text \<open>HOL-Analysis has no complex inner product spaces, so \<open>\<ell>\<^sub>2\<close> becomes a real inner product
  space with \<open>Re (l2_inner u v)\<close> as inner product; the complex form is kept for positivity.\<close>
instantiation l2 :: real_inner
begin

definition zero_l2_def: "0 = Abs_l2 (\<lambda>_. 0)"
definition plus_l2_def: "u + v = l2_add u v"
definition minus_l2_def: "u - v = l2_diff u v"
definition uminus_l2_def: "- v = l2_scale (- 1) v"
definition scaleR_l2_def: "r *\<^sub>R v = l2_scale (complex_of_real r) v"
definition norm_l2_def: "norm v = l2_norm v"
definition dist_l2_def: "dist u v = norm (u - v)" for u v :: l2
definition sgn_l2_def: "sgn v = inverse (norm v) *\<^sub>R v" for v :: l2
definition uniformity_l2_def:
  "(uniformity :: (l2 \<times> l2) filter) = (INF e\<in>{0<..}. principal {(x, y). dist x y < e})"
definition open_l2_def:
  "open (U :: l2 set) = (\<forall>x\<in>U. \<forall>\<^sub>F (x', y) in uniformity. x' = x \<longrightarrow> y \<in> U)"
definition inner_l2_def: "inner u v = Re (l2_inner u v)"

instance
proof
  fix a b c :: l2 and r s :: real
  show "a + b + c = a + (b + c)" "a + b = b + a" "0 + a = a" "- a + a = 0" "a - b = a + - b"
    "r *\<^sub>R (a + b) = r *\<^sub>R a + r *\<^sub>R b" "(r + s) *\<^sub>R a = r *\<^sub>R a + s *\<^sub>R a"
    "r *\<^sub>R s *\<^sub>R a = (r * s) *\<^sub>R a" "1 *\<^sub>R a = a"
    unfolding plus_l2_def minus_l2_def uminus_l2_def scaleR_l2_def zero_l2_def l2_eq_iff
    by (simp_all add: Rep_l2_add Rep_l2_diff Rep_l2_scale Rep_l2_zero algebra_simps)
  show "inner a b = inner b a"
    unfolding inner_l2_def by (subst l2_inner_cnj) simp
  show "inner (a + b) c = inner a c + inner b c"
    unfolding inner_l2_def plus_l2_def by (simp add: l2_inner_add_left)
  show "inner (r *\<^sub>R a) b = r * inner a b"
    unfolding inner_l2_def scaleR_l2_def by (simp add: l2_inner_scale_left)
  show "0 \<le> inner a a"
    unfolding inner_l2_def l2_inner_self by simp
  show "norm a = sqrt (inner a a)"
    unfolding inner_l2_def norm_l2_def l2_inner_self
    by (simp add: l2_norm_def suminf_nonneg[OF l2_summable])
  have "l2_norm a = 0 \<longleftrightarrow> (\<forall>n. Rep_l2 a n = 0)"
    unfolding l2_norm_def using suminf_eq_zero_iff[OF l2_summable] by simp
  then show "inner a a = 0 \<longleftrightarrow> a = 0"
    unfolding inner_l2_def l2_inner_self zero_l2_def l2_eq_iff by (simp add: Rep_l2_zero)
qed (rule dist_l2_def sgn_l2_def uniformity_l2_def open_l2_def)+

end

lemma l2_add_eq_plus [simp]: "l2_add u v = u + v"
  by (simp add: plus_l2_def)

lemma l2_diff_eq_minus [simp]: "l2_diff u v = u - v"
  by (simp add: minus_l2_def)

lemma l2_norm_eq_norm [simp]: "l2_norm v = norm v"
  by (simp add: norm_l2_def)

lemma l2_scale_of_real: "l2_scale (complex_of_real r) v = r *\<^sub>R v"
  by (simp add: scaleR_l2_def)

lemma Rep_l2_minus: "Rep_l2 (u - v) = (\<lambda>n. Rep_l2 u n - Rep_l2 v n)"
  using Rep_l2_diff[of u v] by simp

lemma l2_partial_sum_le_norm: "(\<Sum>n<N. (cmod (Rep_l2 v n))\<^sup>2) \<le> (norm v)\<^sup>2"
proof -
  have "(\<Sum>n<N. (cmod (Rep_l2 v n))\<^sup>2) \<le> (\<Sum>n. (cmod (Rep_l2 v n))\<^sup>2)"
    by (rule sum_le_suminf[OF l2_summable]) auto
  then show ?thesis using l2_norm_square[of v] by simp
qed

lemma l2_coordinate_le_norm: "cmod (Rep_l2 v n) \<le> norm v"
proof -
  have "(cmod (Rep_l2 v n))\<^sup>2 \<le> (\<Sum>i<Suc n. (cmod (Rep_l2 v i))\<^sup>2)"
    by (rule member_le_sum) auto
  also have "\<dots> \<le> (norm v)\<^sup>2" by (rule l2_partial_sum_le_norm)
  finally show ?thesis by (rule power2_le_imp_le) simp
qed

---

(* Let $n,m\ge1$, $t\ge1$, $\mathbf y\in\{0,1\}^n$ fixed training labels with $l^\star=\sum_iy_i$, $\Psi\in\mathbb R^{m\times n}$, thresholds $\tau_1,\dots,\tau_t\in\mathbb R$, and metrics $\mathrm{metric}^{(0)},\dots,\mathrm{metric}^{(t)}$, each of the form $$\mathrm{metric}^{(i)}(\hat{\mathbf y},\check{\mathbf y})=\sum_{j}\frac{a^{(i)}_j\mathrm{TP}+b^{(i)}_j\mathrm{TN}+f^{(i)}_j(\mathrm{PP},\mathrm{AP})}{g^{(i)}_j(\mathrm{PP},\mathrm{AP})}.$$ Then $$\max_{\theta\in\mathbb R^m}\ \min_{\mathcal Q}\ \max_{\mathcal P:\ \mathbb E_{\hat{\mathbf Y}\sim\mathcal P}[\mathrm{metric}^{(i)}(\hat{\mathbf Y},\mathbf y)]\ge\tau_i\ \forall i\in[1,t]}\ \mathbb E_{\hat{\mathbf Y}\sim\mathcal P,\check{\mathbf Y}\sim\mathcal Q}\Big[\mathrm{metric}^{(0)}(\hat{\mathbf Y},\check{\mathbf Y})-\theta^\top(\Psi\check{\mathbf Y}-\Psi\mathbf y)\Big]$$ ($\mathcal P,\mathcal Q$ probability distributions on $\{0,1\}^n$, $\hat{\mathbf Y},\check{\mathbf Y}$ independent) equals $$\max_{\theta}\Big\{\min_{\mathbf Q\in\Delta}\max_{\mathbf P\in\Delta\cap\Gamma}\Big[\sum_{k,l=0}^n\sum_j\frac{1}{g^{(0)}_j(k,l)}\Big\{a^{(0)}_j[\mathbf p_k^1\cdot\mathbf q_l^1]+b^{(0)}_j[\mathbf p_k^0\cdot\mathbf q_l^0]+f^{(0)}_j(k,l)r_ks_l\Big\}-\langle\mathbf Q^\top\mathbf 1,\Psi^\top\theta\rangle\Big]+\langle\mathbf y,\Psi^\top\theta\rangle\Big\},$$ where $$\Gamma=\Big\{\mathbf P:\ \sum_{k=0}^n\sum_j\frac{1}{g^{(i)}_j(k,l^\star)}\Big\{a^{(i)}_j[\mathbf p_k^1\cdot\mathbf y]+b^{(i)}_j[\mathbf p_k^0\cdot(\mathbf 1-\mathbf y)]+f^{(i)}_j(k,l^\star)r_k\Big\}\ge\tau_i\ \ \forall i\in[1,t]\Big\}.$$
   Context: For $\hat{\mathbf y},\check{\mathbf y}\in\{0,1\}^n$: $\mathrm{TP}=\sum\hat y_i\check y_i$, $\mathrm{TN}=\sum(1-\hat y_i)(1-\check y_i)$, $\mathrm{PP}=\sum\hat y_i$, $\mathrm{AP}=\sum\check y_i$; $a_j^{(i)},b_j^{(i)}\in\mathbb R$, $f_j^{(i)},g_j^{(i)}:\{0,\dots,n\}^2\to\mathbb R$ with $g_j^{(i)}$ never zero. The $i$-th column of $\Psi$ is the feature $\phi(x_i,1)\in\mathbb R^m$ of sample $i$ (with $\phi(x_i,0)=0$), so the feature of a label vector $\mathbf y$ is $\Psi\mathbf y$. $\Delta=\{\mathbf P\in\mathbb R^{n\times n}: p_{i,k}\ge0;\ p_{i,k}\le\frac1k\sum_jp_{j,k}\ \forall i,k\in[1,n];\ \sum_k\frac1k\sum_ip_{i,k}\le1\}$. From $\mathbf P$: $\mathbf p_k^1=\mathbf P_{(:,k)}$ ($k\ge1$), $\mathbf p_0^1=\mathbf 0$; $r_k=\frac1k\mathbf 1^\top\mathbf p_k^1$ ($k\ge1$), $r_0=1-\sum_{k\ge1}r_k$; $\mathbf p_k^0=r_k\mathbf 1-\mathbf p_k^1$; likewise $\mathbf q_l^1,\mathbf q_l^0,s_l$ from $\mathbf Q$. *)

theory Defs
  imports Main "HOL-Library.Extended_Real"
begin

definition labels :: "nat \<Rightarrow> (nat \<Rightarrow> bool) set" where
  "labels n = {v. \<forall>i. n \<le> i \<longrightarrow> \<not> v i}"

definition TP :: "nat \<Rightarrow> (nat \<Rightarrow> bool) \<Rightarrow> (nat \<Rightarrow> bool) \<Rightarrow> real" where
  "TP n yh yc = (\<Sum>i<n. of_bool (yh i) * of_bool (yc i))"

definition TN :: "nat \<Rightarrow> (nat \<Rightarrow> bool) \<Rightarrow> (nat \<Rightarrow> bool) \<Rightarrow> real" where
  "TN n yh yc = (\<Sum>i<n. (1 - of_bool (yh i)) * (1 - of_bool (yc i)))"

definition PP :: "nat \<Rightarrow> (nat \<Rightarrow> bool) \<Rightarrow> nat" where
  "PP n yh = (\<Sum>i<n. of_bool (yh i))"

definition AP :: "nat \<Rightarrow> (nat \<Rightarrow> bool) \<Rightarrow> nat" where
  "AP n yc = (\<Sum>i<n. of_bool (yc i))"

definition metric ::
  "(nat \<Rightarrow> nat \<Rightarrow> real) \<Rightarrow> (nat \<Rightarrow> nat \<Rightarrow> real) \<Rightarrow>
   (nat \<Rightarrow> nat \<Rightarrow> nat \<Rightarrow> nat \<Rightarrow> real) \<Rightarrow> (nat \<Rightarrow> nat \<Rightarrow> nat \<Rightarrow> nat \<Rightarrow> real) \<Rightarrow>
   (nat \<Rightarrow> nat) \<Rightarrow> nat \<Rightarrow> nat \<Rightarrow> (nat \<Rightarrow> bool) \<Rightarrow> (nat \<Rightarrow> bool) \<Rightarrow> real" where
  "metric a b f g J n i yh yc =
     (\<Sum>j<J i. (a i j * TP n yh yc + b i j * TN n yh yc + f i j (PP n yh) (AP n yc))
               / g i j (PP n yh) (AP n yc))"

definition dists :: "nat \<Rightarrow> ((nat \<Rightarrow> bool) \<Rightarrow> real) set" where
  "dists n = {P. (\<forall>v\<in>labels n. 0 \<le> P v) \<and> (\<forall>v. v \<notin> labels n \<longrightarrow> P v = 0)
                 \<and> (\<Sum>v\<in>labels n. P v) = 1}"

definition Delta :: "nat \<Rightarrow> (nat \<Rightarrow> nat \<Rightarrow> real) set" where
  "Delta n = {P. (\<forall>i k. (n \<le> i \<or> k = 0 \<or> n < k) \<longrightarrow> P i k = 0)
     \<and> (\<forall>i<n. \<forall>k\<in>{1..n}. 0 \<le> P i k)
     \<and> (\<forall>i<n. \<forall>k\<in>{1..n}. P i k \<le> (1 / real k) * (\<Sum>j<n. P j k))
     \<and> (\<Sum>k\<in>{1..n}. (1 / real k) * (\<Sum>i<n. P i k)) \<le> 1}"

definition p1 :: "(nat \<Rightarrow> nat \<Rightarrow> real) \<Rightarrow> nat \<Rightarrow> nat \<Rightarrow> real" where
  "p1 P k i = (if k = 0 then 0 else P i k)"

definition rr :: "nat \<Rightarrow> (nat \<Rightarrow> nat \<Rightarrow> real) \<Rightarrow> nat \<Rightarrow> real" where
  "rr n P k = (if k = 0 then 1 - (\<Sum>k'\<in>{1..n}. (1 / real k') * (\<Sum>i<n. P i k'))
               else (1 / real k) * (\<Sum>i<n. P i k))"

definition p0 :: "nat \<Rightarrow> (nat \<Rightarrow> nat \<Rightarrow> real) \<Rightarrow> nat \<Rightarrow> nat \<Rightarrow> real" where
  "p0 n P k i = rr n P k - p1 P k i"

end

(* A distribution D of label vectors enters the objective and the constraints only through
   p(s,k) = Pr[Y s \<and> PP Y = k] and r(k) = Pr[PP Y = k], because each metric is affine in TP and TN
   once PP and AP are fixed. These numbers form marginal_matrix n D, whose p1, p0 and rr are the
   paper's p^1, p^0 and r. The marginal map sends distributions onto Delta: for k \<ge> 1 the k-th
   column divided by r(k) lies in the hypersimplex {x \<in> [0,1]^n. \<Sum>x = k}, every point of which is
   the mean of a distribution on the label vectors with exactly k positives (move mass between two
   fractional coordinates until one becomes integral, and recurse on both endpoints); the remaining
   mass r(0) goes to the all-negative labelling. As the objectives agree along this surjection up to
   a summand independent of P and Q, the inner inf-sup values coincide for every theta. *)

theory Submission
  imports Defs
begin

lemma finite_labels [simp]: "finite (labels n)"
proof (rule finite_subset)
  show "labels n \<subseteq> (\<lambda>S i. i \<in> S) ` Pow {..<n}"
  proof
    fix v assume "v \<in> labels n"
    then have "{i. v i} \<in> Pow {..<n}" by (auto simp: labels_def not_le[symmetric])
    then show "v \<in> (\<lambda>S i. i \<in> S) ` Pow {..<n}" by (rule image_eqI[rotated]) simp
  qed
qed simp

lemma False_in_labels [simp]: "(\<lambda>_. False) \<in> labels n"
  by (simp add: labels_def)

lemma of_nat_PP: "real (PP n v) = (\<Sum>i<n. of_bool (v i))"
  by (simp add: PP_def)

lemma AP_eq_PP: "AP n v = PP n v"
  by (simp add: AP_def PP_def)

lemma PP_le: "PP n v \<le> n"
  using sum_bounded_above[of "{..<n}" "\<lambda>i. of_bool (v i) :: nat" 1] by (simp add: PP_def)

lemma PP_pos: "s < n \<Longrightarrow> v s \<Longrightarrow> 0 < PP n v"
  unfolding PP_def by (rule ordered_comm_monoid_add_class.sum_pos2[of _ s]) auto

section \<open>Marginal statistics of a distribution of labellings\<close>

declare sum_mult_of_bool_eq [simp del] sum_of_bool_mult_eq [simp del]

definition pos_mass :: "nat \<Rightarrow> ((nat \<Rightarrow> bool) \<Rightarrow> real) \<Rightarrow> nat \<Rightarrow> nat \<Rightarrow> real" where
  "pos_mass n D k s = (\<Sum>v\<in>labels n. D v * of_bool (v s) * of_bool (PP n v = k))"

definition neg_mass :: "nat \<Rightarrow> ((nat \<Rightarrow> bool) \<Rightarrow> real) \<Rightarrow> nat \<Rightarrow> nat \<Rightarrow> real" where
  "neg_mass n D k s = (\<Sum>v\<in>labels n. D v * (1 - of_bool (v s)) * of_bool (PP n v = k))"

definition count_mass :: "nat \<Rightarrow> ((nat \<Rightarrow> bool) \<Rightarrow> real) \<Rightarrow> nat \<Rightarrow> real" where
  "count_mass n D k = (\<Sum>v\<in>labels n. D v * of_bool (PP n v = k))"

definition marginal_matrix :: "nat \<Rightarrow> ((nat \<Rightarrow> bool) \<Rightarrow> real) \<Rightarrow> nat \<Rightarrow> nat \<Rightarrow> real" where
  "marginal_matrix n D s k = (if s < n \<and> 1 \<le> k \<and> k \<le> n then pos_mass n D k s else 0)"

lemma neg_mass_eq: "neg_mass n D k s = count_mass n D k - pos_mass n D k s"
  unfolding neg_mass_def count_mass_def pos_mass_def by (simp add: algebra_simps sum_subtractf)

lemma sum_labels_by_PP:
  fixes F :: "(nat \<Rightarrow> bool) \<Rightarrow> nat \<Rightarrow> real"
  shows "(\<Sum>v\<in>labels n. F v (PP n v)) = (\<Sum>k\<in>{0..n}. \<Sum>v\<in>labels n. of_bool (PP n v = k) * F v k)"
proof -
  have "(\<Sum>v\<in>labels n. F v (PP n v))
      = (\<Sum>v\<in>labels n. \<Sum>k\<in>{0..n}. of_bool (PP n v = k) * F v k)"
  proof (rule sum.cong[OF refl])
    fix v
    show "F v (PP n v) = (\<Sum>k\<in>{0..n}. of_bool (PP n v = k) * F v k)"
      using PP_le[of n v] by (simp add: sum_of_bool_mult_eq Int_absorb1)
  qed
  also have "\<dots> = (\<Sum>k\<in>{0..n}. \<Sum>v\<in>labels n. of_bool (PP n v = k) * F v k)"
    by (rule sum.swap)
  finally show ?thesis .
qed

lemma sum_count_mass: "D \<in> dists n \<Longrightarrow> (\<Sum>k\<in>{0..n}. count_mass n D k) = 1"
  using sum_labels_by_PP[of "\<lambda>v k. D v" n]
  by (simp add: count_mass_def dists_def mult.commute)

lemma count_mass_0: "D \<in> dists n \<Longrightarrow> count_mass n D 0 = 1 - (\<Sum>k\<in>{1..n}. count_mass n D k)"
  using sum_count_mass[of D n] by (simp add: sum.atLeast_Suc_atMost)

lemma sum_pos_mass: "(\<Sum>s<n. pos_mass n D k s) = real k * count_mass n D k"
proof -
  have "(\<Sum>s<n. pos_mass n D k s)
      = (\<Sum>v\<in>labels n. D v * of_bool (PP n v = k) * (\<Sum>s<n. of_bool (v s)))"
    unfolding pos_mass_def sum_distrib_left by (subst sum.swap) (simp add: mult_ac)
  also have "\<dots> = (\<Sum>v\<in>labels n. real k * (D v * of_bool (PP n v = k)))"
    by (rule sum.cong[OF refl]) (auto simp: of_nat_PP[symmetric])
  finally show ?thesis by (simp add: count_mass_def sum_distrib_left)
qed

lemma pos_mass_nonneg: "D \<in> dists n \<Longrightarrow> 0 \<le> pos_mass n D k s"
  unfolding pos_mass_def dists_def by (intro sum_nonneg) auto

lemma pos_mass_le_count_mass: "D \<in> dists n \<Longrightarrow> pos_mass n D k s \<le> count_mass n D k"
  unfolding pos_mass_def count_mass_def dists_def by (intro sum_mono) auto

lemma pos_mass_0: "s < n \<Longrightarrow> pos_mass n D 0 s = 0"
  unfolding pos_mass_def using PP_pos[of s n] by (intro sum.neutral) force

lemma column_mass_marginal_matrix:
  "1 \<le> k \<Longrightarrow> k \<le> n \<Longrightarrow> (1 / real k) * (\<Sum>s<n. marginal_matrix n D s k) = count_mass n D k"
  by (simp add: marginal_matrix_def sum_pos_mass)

→ **TASK TO COMPLETE**: In the data above, find the line with "(nat \<Rightarrow> nat)" and the line with "else (1 / real". Retype both, plus every line between them, exactly.

→ **RESPONSE BELOW**:
   (nat \<Rightarrow> nat) \<Rightarrow> nat \<Rightarrow> nat \<Rightarrow> (nat \<Rightarrow> bool) \<Rightarrow> (nat \<Rightarrow> bool) \<Rightarrow> real" where
  "metric a b f g J n i yh yc =
     (\<Sum>j<J i. (a i j * TP n yh yc + b i j * TN n yh yc + f i j (PP n yh) (AP n yc))
               / g i j (PP n yh) (AP n yc))"

definition dists :: "nat \<Rightarrow> ((nat \<Rightarrow> bool) \<Rightarrow> real) set" where
  "dists n = {P. (\<forall>v\<in>labels n. 0 \<le> P v) \<and> (\<forall>v. v \<notin> labels n \<longrightarrow> P v = 0)
                 \<and> (\<Sum>v\<in>labels n. P v) = 1}"

definition Delta :: "nat \<Rightarrow> (nat \<Rightarrow> nat \<Rightarrow> real) set" where
  "Delta n = {P. (\<forall>i k. (n \<le> i \<or> k = 0 \<or> n < k) \<longrightarrow> P i k = 0)
     \<and> (\<forall>i<n. \<forall>k\<in>{1..n}. 0 \<le> P i k)
     \<and> (\<forall>i<n. \<forall>k\<in>{1..n}. P i k \<le> (1 / real k) * (\<Sum>j<n. P j k))
     \<and> (\<Sum>k\<in>{1..n}. (1 / real k) * (\<Sum>i<n. P i k)) \<le> 1}"

definition p1 :: "(nat \<Rightarrow> nat \<Rightarrow> real) \<Rightarrow> nat \<Rightarrow> nat \<Rightarrow> real" where
  "p1 P k i = (if k = 0 then 0 else P i k)"

definition rr :: "nat \<Rightarrow> (nat \<Rightarrow> nat \<Rightarrow> real) \<Rightarrow> nat \<Rightarrow> real" where
  "rr n P k = (if k = 0 then 1 - (\<Sum>k'\<in>{1..n}. (1 / real k') * (\<Sum>i<n. P i k'))
               else (1 / real k) * (\<Sum>i<n. P i k))"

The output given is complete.